Thaw the frozen vial in a 37°C water bath for 1-2 minutes.
Transfer the vial into biosafety cabinet, and wipe the surface with 70% ethanol.
Unscrew the top of the vial and transfer the cell suspension gently into a sterile centrifuge tube containing 9.0mL complete culture medium.
Spin at ~ 125 × g for 5-7 minutes at room temperature, and discard the supernatant without disturbing the pellet.
Resuspend cell pellet with the appropriate volume of complete medium and transfer the cell suspension into a T25 culture flask.
Incubate the flask at 37°C, 5% CO₂ incubator.
Split saturated culture 1:4-1:8 every 2-3 days; seed out at about 1-3 × 10⁵ cells/mL.

Cell Freezing

Prepare the freezing medium (70% RPMI1640 + 20% FBS + 10% DMSO) fresh immediately before use.
Keep the freezing medium on ice and label cryovials.
Transfer cells to a sterile, conical centrifuge tube, and count the cells.
Centrifuge the cells at 250×g for 5 minutes at room temperature and carefully aspirate off the medium.
Resuspend the cells at a density of at least 3×10⁶ cells/mL in chilled freezing medium.
Aliquot 1 mL of the cell suspension into each cryovial.
Freeze cells in the CoolCell freezing container overnight in a -80°C freezer.
Transfer vials to liquid nitrogen for long-term storage

References

Dominko K, Rastija A, Smiljanic K, Mladenovic A, Lešnjaković L, Kanazir S, Milanovic D, Hecimovic S. Amyloid-ß plaque formation and BACE1 accumulation in the brains of a 5xFAD Alzheimer's disease mouse model is associated with altered distribution and not proteolysis of BACE1 substrates Sez6 and Sez6L. Mech Ageing Dev. 2022 Oct;207:111726. doi: 10.1016/j.mad.2022.111726. Epub 2022 Aug 23. PMID: 35998821.
Nash A, Aumann TD, Pigoni M, Lichtenthaler SF, Takeshima H, Munro KM, Gunnersen JM. Lack of Sez6 Family Proteins Impairs Motor Functions, Short-Term Memory, and Cognitive Flexibility and Alters Dendritic Spine Properties.
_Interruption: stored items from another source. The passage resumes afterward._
lemma tangent_line_pole_isotropic:
  assumes l: "tangent_line A l"
  defines "p \<equiv> line_pole A l"
  shows "B p p = 0"
proof -
  have Bp: "B w p = w \<bullet> l" for w unfolding p_def by (rule bil_line_pole)
  have "\<not> B p p > 0"
  proof
    assume "B p p > 0"
    then obtain w where "B w w < 0" "B w p = 0" using spacelike_has_timelike_orthogonal by blast
    then have "hyperbolic_line A l" unfolding hyperbolic_line_def Bp by (auto simp: inner_commute)
    then show False using l unfolding tangent_line_def by blast
  qed
  moreover obtain w where w: "w \<noteq> 0" "l \<bullet> w = 0" "B w w = 0"
    using l unfolding tangent_line_def by blast
  have "\<not> B p p < 0"
  proof
    assume pp: "B p p < 0"
    have "B p w = 0" using w(2) Bp[of w] B_commute[of p w] by (simp add: inner_commute)
    then have "w = 0" using reverse_cauchy_schwarz(2)[OF pp, of w] w(3) by simp
    then show False using w(1) by simp
  qed
  ultimately show ?thesis by linarith
qed

lemma hyperbolic_line_pole_spacelike:
  assumes l: "hyperbolic_line A l" "l \<noteq> 0"
  defines "p \<equiv> line_pole A l"
  shows "B p p > 0"
proof (rule ccontr)
  assume "\<not> B p p > 0"
  obtain w where w: "l \<bullet> w = 0" "B w w < 0" using l unfolding hyperbolic_line_def by blast
  have wp: "B w p = 0" using w(1) bil_line_pole unfolding p_def by (simp add: inner_commute)
  have "B p p = 0"
    using reverse_cauchy_schwarz(1)[OF w(2), of p] wp w(2) \<open>\<not> B p p > 0\<close>
    by (smt (verit, best) mult_neg_neg power_zero_numeral)
  then have "p = 0" using reverse_cauchy_schwarz(2)[OF w(2), of p] wp by simp
  then show False using line_pole_nonzero[OF l(2)] unfolding p_def by simp
qed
Cereb Cortex. 2020 Apr 14;30(4):2167-2184. doi: 10.1093/cercor/bhz230. PMID: 31711114.

Use License Agreement

Research Use Only.

Not for use in diagnostic procedures or therapeutic applications.

Redistribution of the cell line or its derivatives is prohibited without prior written permission from Kyinno Biotechnology.